# Data to process
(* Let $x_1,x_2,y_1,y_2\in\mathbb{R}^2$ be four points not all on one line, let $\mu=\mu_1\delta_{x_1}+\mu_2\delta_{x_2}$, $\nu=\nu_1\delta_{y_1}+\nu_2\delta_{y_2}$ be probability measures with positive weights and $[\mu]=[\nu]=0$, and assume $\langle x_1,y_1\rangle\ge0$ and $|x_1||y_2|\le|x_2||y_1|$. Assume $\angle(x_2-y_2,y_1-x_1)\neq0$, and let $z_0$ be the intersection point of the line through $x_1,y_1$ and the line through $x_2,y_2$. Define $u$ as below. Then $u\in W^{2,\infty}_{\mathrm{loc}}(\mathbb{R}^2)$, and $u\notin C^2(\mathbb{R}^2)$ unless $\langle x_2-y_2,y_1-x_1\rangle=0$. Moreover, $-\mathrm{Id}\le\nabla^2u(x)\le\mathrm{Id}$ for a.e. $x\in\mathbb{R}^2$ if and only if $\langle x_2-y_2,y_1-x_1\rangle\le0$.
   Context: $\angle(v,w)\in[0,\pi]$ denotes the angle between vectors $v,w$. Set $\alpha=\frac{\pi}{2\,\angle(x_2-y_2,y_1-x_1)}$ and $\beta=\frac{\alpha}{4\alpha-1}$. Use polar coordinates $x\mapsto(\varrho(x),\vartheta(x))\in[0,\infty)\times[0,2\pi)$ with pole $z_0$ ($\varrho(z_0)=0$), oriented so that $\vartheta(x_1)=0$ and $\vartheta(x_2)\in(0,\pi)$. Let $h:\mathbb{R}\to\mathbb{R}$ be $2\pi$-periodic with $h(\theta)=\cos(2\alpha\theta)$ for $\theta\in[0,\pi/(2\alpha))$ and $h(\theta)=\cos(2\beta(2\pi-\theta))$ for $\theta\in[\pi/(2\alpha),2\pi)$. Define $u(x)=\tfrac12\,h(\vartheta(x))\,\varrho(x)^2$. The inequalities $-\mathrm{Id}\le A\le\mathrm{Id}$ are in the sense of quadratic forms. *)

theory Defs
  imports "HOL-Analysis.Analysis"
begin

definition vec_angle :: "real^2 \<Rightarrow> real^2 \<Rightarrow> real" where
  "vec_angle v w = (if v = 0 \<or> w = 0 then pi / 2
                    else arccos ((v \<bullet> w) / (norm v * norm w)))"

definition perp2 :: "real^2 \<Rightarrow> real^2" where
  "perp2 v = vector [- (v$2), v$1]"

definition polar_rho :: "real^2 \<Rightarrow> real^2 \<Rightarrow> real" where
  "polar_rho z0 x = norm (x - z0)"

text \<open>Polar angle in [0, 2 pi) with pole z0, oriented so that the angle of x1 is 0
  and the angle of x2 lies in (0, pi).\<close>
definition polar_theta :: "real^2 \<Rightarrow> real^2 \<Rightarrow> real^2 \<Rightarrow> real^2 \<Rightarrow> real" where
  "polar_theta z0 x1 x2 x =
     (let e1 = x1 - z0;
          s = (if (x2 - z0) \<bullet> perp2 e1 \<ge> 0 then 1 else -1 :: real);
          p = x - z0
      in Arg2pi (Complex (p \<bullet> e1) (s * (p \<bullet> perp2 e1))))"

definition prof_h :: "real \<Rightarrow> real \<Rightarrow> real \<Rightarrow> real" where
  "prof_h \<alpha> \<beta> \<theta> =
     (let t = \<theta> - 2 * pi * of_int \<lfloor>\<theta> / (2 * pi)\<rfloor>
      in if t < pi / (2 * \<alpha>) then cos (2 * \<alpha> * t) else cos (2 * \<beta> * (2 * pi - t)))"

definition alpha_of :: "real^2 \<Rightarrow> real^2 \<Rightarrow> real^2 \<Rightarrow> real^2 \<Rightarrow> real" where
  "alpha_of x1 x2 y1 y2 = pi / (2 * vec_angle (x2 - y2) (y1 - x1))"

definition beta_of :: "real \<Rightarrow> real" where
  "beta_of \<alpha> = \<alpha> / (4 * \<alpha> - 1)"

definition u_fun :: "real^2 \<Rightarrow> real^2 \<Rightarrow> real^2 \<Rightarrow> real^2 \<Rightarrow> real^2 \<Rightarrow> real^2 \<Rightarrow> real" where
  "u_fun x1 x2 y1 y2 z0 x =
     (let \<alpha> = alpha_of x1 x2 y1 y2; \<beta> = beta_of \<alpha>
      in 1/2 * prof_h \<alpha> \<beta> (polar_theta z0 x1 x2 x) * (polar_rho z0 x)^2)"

==

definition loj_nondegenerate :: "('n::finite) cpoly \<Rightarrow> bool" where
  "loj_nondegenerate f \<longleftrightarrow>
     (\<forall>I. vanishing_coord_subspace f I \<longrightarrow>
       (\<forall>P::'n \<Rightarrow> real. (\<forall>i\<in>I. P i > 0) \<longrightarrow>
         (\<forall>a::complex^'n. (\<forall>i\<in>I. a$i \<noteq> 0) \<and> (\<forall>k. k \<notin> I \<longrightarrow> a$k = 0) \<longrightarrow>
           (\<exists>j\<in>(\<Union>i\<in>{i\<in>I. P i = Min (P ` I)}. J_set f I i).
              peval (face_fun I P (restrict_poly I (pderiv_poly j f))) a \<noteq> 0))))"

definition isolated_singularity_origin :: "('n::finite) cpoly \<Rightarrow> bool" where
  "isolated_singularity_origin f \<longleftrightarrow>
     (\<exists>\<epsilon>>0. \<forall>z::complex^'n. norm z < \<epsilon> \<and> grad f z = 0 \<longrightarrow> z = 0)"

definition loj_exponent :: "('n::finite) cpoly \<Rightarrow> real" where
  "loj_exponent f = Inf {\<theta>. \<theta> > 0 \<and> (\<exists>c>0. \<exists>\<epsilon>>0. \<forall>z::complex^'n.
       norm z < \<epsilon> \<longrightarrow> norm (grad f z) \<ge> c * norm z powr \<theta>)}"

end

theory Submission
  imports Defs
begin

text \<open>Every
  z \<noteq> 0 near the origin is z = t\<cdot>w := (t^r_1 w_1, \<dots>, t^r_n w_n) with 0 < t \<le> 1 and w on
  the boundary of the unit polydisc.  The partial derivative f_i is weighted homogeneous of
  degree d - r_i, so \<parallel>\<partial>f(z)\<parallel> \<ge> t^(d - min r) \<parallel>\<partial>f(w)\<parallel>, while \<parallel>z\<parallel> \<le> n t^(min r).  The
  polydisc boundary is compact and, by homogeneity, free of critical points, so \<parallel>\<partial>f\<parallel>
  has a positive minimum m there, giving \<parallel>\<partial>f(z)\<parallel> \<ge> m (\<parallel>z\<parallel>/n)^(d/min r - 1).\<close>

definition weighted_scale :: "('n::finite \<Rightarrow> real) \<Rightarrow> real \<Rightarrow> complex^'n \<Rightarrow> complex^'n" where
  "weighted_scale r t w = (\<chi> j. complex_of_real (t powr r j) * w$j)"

# Exercise description
Beginning with the line holding "text \<open>Polar angle" and ending with the line holding "(let t = \<theta>", write out the stretch of material above exactly; add no further lines.

# Response box
text \<open>Polar angle in [0, 2 pi) with pole z0, oriented so that the angle of x1 is 0
  and the angle of x2 lies in (0, pi).\<close>
definition polar_theta :: "real^2 \<Rightarrow> real^2 \<Rightarrow> real^2 \<Rightarrow> real^2 \<Rightarrow> real" where
  "polar_theta z0 x1 x2 x =
     (let e1 = x1 - z0;
          s = (if (x2 - z0) \<bullet> perp2 e1 \<ge> 0 then 1 else -1 :: real);
          p = x - z0
      in Arg2pi (Complex (p \<bullet> e1) (s * (p \<bullet> perp2 e1))))"

definition prof_h :: "real \<Rightarrow> real \<Rightarrow> real \<Rightarrow> real" where
  "prof_h \<alpha> \<beta> \<theta> =
     (let t = \<theta> - 2 * pi * of_int \<lfloor>\<theta> / (2 * pi)\<rfloor>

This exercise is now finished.